Malheureusement après, sa vie quotidienne devient un calvaire, en récompense du rôle qu’il a remarquablement interprété, il se fait traiter de sidéen partout dans la capitale. Hommage à un immense artiste national polyvalent, qu’Allah l’accepte dans son paradis.
Auteur, réalisateur et cinéaste, Ahmed DINI était aussi connu pour la réalisation des émissions enfantines tel que le programme télévisé de 1996 intitulé « Tiroirs des Enfants » animé par la grande journaliste Hasna Maki, une émission qui a eu un grand succès auprès des foyers djiboutiens.
En remerciement de ses travaux acharnés et des valeurs reconnues de son travail à la Radiotélévision de Djibouti (RTD), Mr Ahmed Dini Farah est nommé en 1996 Directeur-Adjoint de la RTD, puis élevé et décoré en 2014 par le président de la République son Excellence Mr Ismael Omar Guelleh d’une médaille d’officier d’honneur. Pour Ahmed Dini Farah, chaque seconde a compté avec la Radiotélévision de Djibouti.

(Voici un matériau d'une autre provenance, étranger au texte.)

(* Let $k\ge1$ and $\mathcal{H}\subset\mathbb{Z}^k\setminus\{\mathbf{0}\}$. Then $\gamma(\mathcal{H})\le\delta(\mathcal{H})$.
   Context: $\lVert x\rVert$ denotes the distance from $x\in\mathbb{R}$ to the nearest integer and $\cdot$ the standard inner product. Let $\mathcal{T}(\mathcal{H})$ be the set of real trigonometric polynomials $T(\mathbf{x})=a_0+\sum_{\mathbf{h}\in\mathcal{H}}a_{\mathbf{h}}\cos(2\pi\mathbf{h}\cdot\mathbf{x})$ (finitely many nonzero real $a_{\mathbf{h}}$) with $T(\mathbf{x})\ge0$ for all $\mathbf{x}\in\mathbb{R}^k$ and $T(\mathbf{0})=1$. Define $\delta(\mathcal{H})=\inf_{T\in\mathcal{T}(\mathcal{H})}a_0$ and $\gamma(\mathcal{H})=\sup_{\xi\in\mathbb{R}^k}\inf_{\mathbf{h}\in\mathcal{H}}\lVert\mathbf{h}\cdot\xi\rVert$. *)

theory Defs
  imports "HOL-Analysis.Analysis"
begin

definition dist_nearest_int :: "real \<Rightarrow> real" where
  "dist_nearest_int x = infdist x (\<int>::real set)"

definition ivec :: "int ^ 'k \<Rightarrow> real ^ 'k" where
  "ivec h = (\<chi> i. real_of_int (h $ i))"

definition trig_eval :: "(int ^ 'k) set \<Rightarrow> real \<Rightarrow> (int ^ 'k \<Rightarrow> real) \<Rightarrow> real ^ 'k \<Rightarrow> real" where
  "trig_eval H a0 a x =
     a0 + (\<Sum>h\<in>{h\<in>H. a h \<noteq> 0}. a h * cos (2 * pi * (ivec h \<bullet> x)))"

En février 2023, avec son ami de conviction le grand NABIL DORANI également réalisateur, ils ont été invités et mis à l’honneur lors du dernier Festival du Film Djiboutien au titre des doyens du cinéma national pour recevoir de la part du Ministre de la Culture et de la Jeunesse Mme Hibo Moumin Assoweh un trophée de mérite pour leur talent et accomplissement.
Dans la vie de tous les jours et au-delà de ses 70 ans passés sur terre, Ahmed Dini Farah passe pour une personne très communicante à l’égard de ses interlocuteurs, et ceux qui le connaissaient savent que c’est quelqu’un de grand cœur qui aimait toujours transmettre ses expériences aux cadets.
Avec les pionniers du cinéma africain Omar Sharif le renommé acteur égyptien, Ousmane Sembene du Sénégal et le tunisien Tahar Cheria qu’il a longtemps croisé dans les coulisses des festivals de Cinéma, ils formaient de grands réalisateurs partageant les mêmes convictions, complices et tout aussi engagés. Ils représentaient les pères du cinéma africain.
Ahmed Dini Farah s’est lancé dans le cinéma pour donner une image de Djibouti et de l’Afrique à travers ses films culturels et sociaux pour atteindre pour passer un message fort tranchant, sans filtre et profond.